Элоиза сделала все, как ее попросили, но непроизвольно напряглась, в ожидании щекотки подмышкой.

- Быстро соедините указательные пальцы.

Она выполнила и это.

Врач встал, отбросил свои игрушки. Повернулся к аудитории.

- У нее железные нервы, и все ее чувства в полнейшем порядке!

- Эти его слова никого не удивили. На сцене появилась Мэйтрон.

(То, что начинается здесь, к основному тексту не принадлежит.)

lemma proximal_on_geodesic_to_ball:
  assumes thin: "thin_triangles E D" and Dd: "real D \<le> \<delta>"
    and lz: "n \<le> lev E x0 z" and lb: "lev E x0 b \<le> n"
  shows "\<exists>q \<in> proximal E \<delta> x0 z n. d z b = d z q + d q b"
proof -
  obtain q gm where gm: "geodesic E z q gm" and lq: "lev E x0 q = n"
    and lw: "\<forall>w \<in> set gm. n \<le> lev E x0 w" and split: "d z b = d z q + d q b"
    using geodesic_crosses_sphere[OF lz lb] .
  obtain h where h: "geodesic E x0 q h" using geodesic_exists by blast
  have "q \<in> proximal E \<delta> x0 z n"
    unfolding proximal_def sphere_n_def
  proof (intro CollectI conjI exI allI impI)
    show "lev E x0 q = n" by (rule lq)
    show "geodesic E x0 q h" by (rule h)
    fix g i assume "geodesic E x0 z g" "i \<le> n"
    then have "d (g ! i) (h ! i) \<le> 4 * D + 2"
      using geodesics_fellow_travel[OF thin _ h gm lq lw] by blast
    then show "real (d (g ! i) (h ! i)) \<le> 4 * \<delta> + 2" using Dd by linarith
  qed
  then show ?thesis using split by blast
qed

lemma geodesic_nth_nearest:
  assumes g: "geodesic E x0 y g" and n: "n \<le> lev E x0 y"
  shows "g ! n \<in> nearest E y (ball_n E x0 n)" and "d (g ! n) y = lev E x0 y - n"
proof -
  have nl: "n < length g" using length_geodesic_from_base[OF g] n by simp
  show dy: "d (g ! n) y = lev E x0 y - n"
    using geodesic_nth_dist(2)[OF g nl] length_geodesic_from_base[OF g] by simp
  have "d (g ! n) y \<le> d q y" if "lev E x0 q \<le> n" for q
    using that dy lev_le_lev_add_dist[of x0 y q] dist_commute[of q y] by linarith
  then show "g ! n \<in> nearest E y (ball_n E x0 n)"
    using lev_geodesic_nth[OF g nl] by (simp add: nearest_def ball_n_def)
qed

lemma nearest_ball_on_sphere:
  assumes n: "n \<le> lev E x0 y" and p: "p \<in> nearest E y (ball_n E x0 n)"
  shows "lev E x0 p = n" and "d p y = lev E x0 y - n"
proof -
  obtain g where g: "geodesic E x0 y g" using geodesic_exists by blast
  have "g ! n \<in> ball_n E x0 n" using geodesic_nth_nearest(1)[OF g n] unfolding nearest_def by simp
  then have "d p y \<le> lev E x0 y - n"
    using p geodesic_nth_nearest(2)[OF g n] unfolding nearest_def by fastforce
  moreover have "lev E x0 p \<le> n" using p unfolding nearest_def ball_n_def by simp
  moreover have "lev E x0 y \<le> lev E x0 p + d p y" unfolding lev_def by (rule dist_triangle)
  ultimately show "lev E x0 p = n" "d p y = lev E x0 y - n" using n by linarith+
qed
definition unif_bounded :: "'a set \<Rightarrow> (nat \<Rightarrow> 'a \<Rightarrow> 'b::real_normed_vector) \<Rightarrow> bool" where
  "unif_bounded S f \<longleftrightarrow> (\<exists>B. \<forall>T. \<forall>y\<in>S. norm (f T y) \<le> B)"

definition equicont :: "'a::topological_space set \<Rightarrow> (nat \<Rightarrow> 'a \<Rightarrow> 'b::metric_space) \<Rightarrow> bool" where
  "equicont S f \<longleftrightarrow> (\<forall>y\<in>S. \<forall>e>0. \<exists>U. open U \<and> y \<in> U \<and>
       (\<forall>T. \<forall>z\<in>U \<inter> S. dist (f T y) (f T z) < e))"

definition regular :: "'x::euclidean_space set \<Rightarrow> ('x \<Rightarrow> real ^ 'd::finite \<Rightarrow> nat \<Rightarrow> real) \<Rightarrow> bool" where
  "regular X chat \<longleftrightarrow>
     unif_bounded (X \<times> prob_simplex) (\<lambda>T (x,p). chat x p T) \<and>
     equicont (X \<times> prob_simplex) (\<lambda>T (x,p). chat x p T) \<and>
     (\<exists>D :: 'x \<Rightarrow> real ^ 'd \<Rightarrow> nat \<Rightarrow> real ^ 'd.
        (\<forall>T. \<forall>x\<in>X. \<forall>p\<in>prob_simplex.
           ((\<lambda>q. chat x q T) has_derivative (\<lambda>h. D x p T \<bullet> h)) (at p within prob_simplex)) \<and>
        unif_bounded (X \<times> prob_simplex) (\<lambda>T (x,p). D x p T) \<and>
        equicont (X \<times> prob_simplex) (\<lambda>T (x,p). D x p T))"

definition oos_guarantee ::
  "'x set \<Rightarrow> ('x \<Rightarrow> 'd::finite \<Rightarrow> real) \<Rightarrow> (nat \<Rightarrow> real) \<Rightarrow> ('x \<Rightarrow> real ^ 'd \<Rightarrow> nat \<Rightarrow> real) \<Rightarrow> bool" where
  "oos_guarantee X l a chat \<longleftrightarrow>
     (\<forall>x\<in>X. \<forall>P\<in>prob_simplex_int.
        limsup (\<lambda>T. elog (prob_iid P T (\<lambda>\<omega>. cost l x P > chat x (empirical \<omega> T) T)) / ereal (a T))
          \<le> -1)"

- Покиньте, пожалуйста, сцену, - поклонилась она ему. Он удалился, разочарованный и побежденный.

- Пожалуйста, следующий врач.

В наступившей тишине было слышно тяжелое сопение, потом щелчок золотой коробочки для пилюль, когда очередной экзаменующий врач принимал дигиталис, чтобы справиться с сердечной недоcтаточностью. Его лицо было пунцовым, когда он добрался до сцены со своим стетоскопом. Непослушные пальцы с трудом сжимали резиновую трубку. Он хотел прослушать ее мягко вздымающуюся грудь, но только постучал по грудной клетке и засеменил обратно, качая головой. Он не вызвал ни аплодисментов, ни комментариев. И Мэйтрон вызвала нового врача. Элоиза смотрела в окно, пока медбрат готовил инструменты. Она заметила приближающуюся к зданию группу людей.

Тампоны, хирургические щипцы, маточный зонд, влагалищный расширитель Куско, двустворчатое и утконосое зеркала, акушерские мази.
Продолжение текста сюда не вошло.